(* Let $(\Omega,\mathcal{F},\mu)$ be a probability space, $\mathcal{F}^*_1\supseteq\mathcal{F}^*_2\supseteq\dots\supseteq\mathcal{F}^*_n\supseteq\mathcal{F}^*_{n+1}$ sub-$\sigma$-algebras of $\mathcal{F}$, and $\varphi_1,\dots,\varphi_n$ integrable functions with $\varphi_k$ being $\mathcal{F}^*_k$-measurable. Define $\lambda_0=0$ and $\lambda_k=\mathbb{E}^*_{k+1}\big(|\varphi_k|^2+\lambda_{k-1}^2\big)^{1/2}$ for $k=1,\dots,n$. Then \[\inf\Big\{\mathbb{E}\Big(\sum_{k=1}^n|f_k|^2\Big)^{1/2}: f_k\in L^1(\Omega),\ \mathbb{E}^*_kf_k=\varphi_k\ (k=1,\dots,n)\Big\}=\mathbb{E}\lambda_n.\]
   Context: $\mathbb{E}^*_k$ denotes conditional expectation with respect to $\mathcal{F}^*_k$. (The value $\mathbb{E}\lambda_n$ does not depend on the choice of $\mathcal{F}^*_{n+1}$.) *)

theory Defs
  imports "HOL-Probability.Probability"
begin

text \<open>The functions lambda_k of the paper: lambda_0 = 0 and
  lambda_k = E(sqrt(phi_k^2 + lambda_(k-1)^2) | F_(k+1)), k = 1..n.
  Here F and phi are indexed by natural numbers starting at 1.\<close>
primrec cond_lambda ::
  "'a measure \<Rightarrow> (nat \<Rightarrow> 'a measure) \<Rightarrow> (nat \<Rightarrow> 'a \<Rightarrow> real) \<Rightarrow> nat \<Rightarrow> 'a \<Rightarrow> real" where
  "cond_lambda M F \<phi> 0 = (\<lambda>x. 0)"
| "cond_lambda M F \<phi> (Suc k) =
     real_cond_exp M (F (Suc (Suc k)))
       (\<lambda>x. sqrt ((\<phi> (Suc k) x)\<^sup>2 + (cond_lambda M F \<phi> k x)\<^sup>2))"

end

theory Submission
  imports Defs
begin
lemma segment_shape:
  assumes labels: "{x, y, z} = {a, b, c}" "distinct [x, y, z]"
    and y_between: "p y \<in> closed_segment (p x) (p z)"
  shows "\<exists>i j k. {i, j, k} = {a, b, c} \<and> collinear_equilibrium_shape G p i j k"
proof -
  have in_T: "x \<in> {a, b, c}" "y \<in> {a, b, c}" "z \<in> {a, b, c}"
    and ne: "x \<noteq> y" "y \<noteq> z" "x \<noteq> z"
    using labels by auto
  have compressed: "G v w < 0" if "v \<in> {a, b, c}" "w \<in> {a, b, c}" "v \<noteq> w" "p v = p w" for v w
    using G_less_0_iff[OF that(1-3)] d_pos[OF that(1-3)] that(4) by simp
  obtain u where u: "0 \<le> u" "u \<le> 1" and y: "p y = (1 - u) *\<^sub>R p x + u *\<^sub>R p z"
    using y_between by (auto simp: in_segment)
  show ?thesis
  proof (cases "p x = p z")
    case True
    then have "p x = p y" "p y = p z"
      using y by (simp_all add: algebra_simps)
    moreover have "G x y < 0" "G y z < 0" "G x z < 0"
      using compressed in_T ne calculation by simp_all
    ultimately have "collinear_equilibrium_shape G p x y z"
      unfolding collinear_equilibrium_shape_def by blast
    then show ?thesis
      using labels(1) by blast
  next
    case xz: False
    have "G x y *\<^sub>R (p y - p x) + G y z *\<^sub>R (p y - p z) = 0"
      using balance_pair[of y x z] labels G_sym[of y x] by (auto simp: insert_commute)
    then have Gxz: "G x z = - (u * G x y)" and Gyz: "G y z * (1 - u) = u * G x y"
      using segment_force_balance[OF y xz] balance_pair[OF labels] by auto
    consider "u = 0" | "u = 1" | "0 < u" "u < 1"
      using u by linarith
    then show ?thesis
    proof cases
      case 1
      then have "p x = p y" "G z x = 0" "G z y = 0"
        using y Gxz Gyz G_sym[of z x] G_sym[of z y] by simp_all
      moreover have "G x y < 0"
        using compressed in_T ne calculation by simp
      ultimately have "collinear_equilibrium_shape G p z x y"
        unfolding collinear_equilibrium_shape_def using xz by blast
      moreover have "{z, x, y} = {a, b, c}"
        using labels(1) by blast
      ultimately show ?thesis
        by blast
    next
      case 2
      then have "p y = p z" "G x y = 0" "G x z = 0"
        using y Gxz Gyz by simp_all
      moreover have "G y z < 0"
        using compressed in_T ne calculation by simp
      ultimately have "collinear_equilibrium_shape G p x y z"
        unfolding collinear_equilibrium_shape_def using xz by auto
      then show ?thesis
        using labels(1) by blast
    next
      case 3
      then show ?thesis
        using interior_shape[OF labels _ _ y xz Gxz Gyz] labels(1) by blast
    qed
  qed
qed

lemma collinear_shape:
  assumes "collinear {p a, p b, p c}"
  shows "\<exists>i j k. {i, j, k} = {a, b, c} \<and> collinear_equilibrium_shape G p i j k"
proof -
  have "between (p b, p c) (p a) \<or> between (p c, p a) (p b) \<or> between (p a, p b) (p c)"
    using assms collinear_between_cases by blast
  then show ?thesis
  proof (elim disjE)
    assume "between (p b, p c) (p a)"
    then show ?thesis
      using segment_shape[of b a c] distinct_labels
      by (auto simp: between_mem_segment insert_commute)
  next
    assume "between (p c, p a) (p b)"
    then show ?thesis
      using segment_shape[of a b c] distinct_labels
      by (simp add: between_mem_segment closed_segment_commute)
  next
    assume "between (p a, p b) (p c)"
    then show ?thesis
      using segment_shape[of a c b] distinct_labels
      by (auto simp: between_mem_segment insert_commute)
  qed
qed

end

lemma admissible_potential_gradient_sign:
  assumes pot: "admissible_potential \<phi> g" and d: "d > 0" and x: "x \<ge> -(d^2)"
  shows "g x d < 0 \<longleftrightarrow> x < 0" "g x d > 0 \<longleftrightarrow> x > 0"
proof -
  have mono: "strict_mono_on {-(d^2)..} (\<lambda>x. g x d)"
    and zero: "\<forall>x>-(d^2). g x d = 0 \<longleftrightarrow> x = 0"
    using pot d unfolding admissible_potential_def by blast+
  have "-(d^2) < 0"
    using d by simp
  then have g0: "g 0 d = 0"
    using zero by auto
  have less: "g y d < g z d" if "-(d^2) \<le> y" "y < z" for y z
    using strict_mono_onD[OF mono, of y z] that by auto
  have "x < 0 \<Longrightarrow> g x d < 0" "x > 0 \<Longrightarrow> g x d > 0"
    using less[of x 0] less[of 0 x] x \<open>-(d^2) < 0\<close> g0 by simp_all
  then show "g x d < 0 \<longleftrightarrow> x < 0" "g x d > 0 \<longleftrightarrow> x > 0"
    using g0 by (cases x "0::real" rule: linorder_cases; simp)+
qed

lemma
  assumes "admissible_potential \<phi> g" "dbar i j > 0"
  shows gij_less_0_iff: "gij g p dbar i j < 0 \<longleftrightarrow> norm (p i - p j) < dbar i j"
    and gij_greater_0_iff: "gij g p dbar i j > 0 \<longleftrightarrow> norm (p i - p j) > dbar i j"
proof -
  have "err p dbar i j \<ge> -((dbar i j)^2)"
    unfolding err_def by simp
  note sign = admissible_potential_gradient_sign[OF assms this]
  have "norm (p i - p j) ^ 2 < dbar i j ^ 2 \<longleftrightarrow> norm (p i - p j) < dbar i j"
    "dbar i j ^ 2 < norm (p i - p j) ^ 2 \<longleftrightarrow> dbar i j < norm (p i - p j)"
    using assms(2) by (auto intro: power_strict_mono power_less_imp_less_base)
  then show "gij g p dbar i j < 0 \<longleftrightarrow> norm (p i - p j) < dbar i j"
    "gij g p dbar i j > 0 \<longleftrightarrow> norm (p i - p j) > dbar i j"
    unfolding gij_def sign unfolding err_def by simp_all
qed

lemma gij_sym:
  assumes "\<And>i j. dbar i j = dbar j i"
  shows "gij g p dbar i j = gij g p dbar j i"
  unfolding gij_def err_def using assms by (simp add: norm_minus_commute)

lemma equilibrium_E4_triangle_balance:
  assumes eq: "equilibrium g E4 dbar p" and dsym: "\<And>i j. dbar i j = dbar j i"
    and x: "x \<in> {1, 2, 3}"
  shows "(\<Sum>y\<in>{1, 2, 3} - {x}. gij g p dbar x y *\<^sub>R (p x - p y)) = 0"
proof -
  let ?F = "\<lambda>i j. gij g p dbar i j *\<^sub>R (p i - p j)"
  have balance: "(\<Sum>j\<in>nbrs E4 i. ?F i j) = 0" for i
    using eq unfolding equilibrium_def by blast
  have "nbrs E4 4 = {3}" "nbrs E4 3 = {1, 2, 4}"
    by (auto simp: nbrs_def E4_def)
  then have F43: "?F 4 3 = 0" and F3: "?F 3 1 + ?F 3 2 + ?F 3 4 = 0"
    using balance[of 4] balance[of 3] by (simp_all add: add.assoc)
  have "?F 3 4 = - ?F 4 3"
    by (simp add: gij_sym[OF dsym, where i=3 and j=4] algebra_simps)
  then have "?F 3 4 = 0"
    unfolding F43 by simp
  then have "?F 3 1 + ?F 3 2 = 0"
    using F3 by (simp only: add_0_right)
  then have "(\<Sum>y\<in>{1, 2}. ?F 3 y) = 0"
    by simp
  moreover have "nbrs E4 1 = {1, 2, 3} - {1}" "nbrs E4 2 = {1, 2, 3} - {2}"
    and "{1, 2} = {1, 2, 3} - {3 :: nat}"
    by (auto simp: nbrs_def E4_def)
  ultimately show ?thesis
    using x balance[of 1] balance[of 2] by (elim insertE emptyE) metis+
qed

lemma strict_triangle_inequalities_permute:
  fixes d :: "'a \<Rightarrow> 'a \<Rightarrow> real"
  assumes dsym: "\<And>i j. d i j = d j i"
    and "d a c < d a b + d b c" "d a b < d b c + d a c" "d b c < d a c + d a b"
    and "{x, y, z} = {a, b, c}" "distinct [x, y, z]"
  shows "d x z < d x y + d y z"
proof -
  have "x \<in> {a, b, c}" "y \<in> {a, b, c}" "z \<in> {a, b, c}"
    using assms(5) by blast+
  then show ?thesis
    using assms(2-4,6) dsym[of b a] dsym[of c a] dsym[of c b] by auto
qed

::::::::::

=== Directions ===
Leave out every line above except those from the line with "obtain u where" up to and including the line with "using u by linarith", and copy those exactly.

=== Answer section ===
  obtain u where u: "0 \<le> u" "u \<le> 1" and y: "p y = (1 - u) *\<^sub>R p x + u *\<^sub>R p z"
    using y_between by (auto simp: in_segment)
  show ?thesis
  proof (cases "p x = p z")
    case True
    then have "p x = p y" "p y = p z"
      using y by (simp_all add: algebra_simps)
    moreover have "G x y < 0" "G y z < 0" "G x z < 0"
      using compressed in_T ne calculation by simp_all
    ultimately have "collinear_equilibrium_shape G p x y z"
      unfolding collinear_equilibrium_shape_def by blast
    then show ?thesis
      using labels(1) by blast
  next
    case xz: False
    have "G x y *\<^sub>R (p y - p x) + G y z *\<^sub>R (p y - p z) = 0"
      using balance_pair[of y x z] labels G_sym[of y x] by (auto simp: insert_commute)
    then have Gxz: "G x z = - (u * G x y)" and Gyz: "G y z * (1 - u) = u * G x y"
      using segment_force_balance[OF y xz] balance_pair[OF labels] by auto
    consider "u = 0" | "u = 1" | "0 < u" "u < 1"
      using u by linarith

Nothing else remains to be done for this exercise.